- [Available data]
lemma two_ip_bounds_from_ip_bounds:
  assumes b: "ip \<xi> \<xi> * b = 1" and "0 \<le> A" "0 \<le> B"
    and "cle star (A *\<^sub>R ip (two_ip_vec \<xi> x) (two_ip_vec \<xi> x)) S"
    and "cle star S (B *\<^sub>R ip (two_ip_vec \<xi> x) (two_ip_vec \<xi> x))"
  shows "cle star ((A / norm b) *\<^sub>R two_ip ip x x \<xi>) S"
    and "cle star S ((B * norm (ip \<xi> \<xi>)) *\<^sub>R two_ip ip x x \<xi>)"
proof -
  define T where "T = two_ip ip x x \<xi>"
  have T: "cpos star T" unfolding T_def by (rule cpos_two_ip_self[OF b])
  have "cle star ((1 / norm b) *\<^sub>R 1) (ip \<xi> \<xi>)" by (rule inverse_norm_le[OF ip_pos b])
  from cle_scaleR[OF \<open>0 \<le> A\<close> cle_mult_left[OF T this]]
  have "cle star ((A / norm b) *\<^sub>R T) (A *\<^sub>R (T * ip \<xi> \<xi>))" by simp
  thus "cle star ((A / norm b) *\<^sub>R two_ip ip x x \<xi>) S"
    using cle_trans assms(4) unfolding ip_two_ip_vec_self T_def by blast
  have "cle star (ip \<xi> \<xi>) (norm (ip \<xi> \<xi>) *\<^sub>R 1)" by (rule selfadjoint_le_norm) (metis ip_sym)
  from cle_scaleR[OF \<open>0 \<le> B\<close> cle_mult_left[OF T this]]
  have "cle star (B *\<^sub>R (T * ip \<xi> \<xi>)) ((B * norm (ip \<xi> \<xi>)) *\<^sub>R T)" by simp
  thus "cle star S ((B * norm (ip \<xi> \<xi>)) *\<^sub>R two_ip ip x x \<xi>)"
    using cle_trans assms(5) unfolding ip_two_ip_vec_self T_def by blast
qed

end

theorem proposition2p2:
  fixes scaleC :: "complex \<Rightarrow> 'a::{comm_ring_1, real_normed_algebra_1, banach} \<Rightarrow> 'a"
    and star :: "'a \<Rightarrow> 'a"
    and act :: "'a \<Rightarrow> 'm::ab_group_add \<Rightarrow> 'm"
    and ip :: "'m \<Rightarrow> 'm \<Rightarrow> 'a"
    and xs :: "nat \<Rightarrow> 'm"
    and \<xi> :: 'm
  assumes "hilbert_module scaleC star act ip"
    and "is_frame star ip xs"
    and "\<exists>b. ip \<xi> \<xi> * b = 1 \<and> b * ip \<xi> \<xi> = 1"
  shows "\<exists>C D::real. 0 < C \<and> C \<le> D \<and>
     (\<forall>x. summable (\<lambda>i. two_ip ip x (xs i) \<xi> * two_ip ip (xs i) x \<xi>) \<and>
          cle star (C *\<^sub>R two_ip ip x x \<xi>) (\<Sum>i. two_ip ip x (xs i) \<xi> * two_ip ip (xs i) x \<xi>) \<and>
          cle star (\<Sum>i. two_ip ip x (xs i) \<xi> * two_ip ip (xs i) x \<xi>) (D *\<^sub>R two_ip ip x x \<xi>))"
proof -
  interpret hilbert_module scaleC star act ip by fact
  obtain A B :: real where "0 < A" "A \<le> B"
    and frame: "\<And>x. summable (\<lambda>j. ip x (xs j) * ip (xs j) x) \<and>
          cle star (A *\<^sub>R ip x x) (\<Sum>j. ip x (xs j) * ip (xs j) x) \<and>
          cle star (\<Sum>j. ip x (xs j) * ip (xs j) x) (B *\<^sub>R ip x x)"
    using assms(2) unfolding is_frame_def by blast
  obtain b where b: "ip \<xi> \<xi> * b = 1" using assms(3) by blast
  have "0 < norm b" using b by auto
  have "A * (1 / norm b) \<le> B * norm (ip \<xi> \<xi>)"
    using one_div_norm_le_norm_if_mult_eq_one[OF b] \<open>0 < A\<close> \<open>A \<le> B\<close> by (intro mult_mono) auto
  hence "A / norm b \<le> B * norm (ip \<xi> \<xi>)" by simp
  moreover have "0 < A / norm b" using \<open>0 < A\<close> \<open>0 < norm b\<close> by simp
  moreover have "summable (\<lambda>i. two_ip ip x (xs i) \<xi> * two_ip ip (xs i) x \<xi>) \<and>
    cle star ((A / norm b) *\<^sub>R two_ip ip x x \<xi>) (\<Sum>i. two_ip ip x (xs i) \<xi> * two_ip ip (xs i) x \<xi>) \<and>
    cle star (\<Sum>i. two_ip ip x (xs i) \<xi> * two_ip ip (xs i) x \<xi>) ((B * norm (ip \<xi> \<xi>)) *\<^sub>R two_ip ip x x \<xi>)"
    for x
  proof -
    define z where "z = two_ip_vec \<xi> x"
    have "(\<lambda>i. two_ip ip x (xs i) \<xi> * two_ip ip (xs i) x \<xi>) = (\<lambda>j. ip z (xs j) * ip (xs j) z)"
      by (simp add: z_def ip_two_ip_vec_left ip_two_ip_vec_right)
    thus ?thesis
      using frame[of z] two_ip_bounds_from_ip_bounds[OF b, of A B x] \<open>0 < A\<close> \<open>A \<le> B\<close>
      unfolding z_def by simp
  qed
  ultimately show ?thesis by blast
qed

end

- [Aim of the exercise]
Reproduce verbatim the lines above, from the line with "S (B *\<^sub>R" through the line with "define T where".

- [Solution]
    and "cle star S (B *\<^sub>R ip (two_ip_vec \<xi> x) (two_ip_vec \<xi> x))"
  shows "cle star ((A / norm b) *\<^sub>R two_ip ip x x \<xi>) S"
    and "cle star S ((B * norm (ip \<xi> \<xi>)) *\<^sub>R two_ip ip x x \<xi>)"
proof -
  define T where "T = two_ip ip x x \<xi>"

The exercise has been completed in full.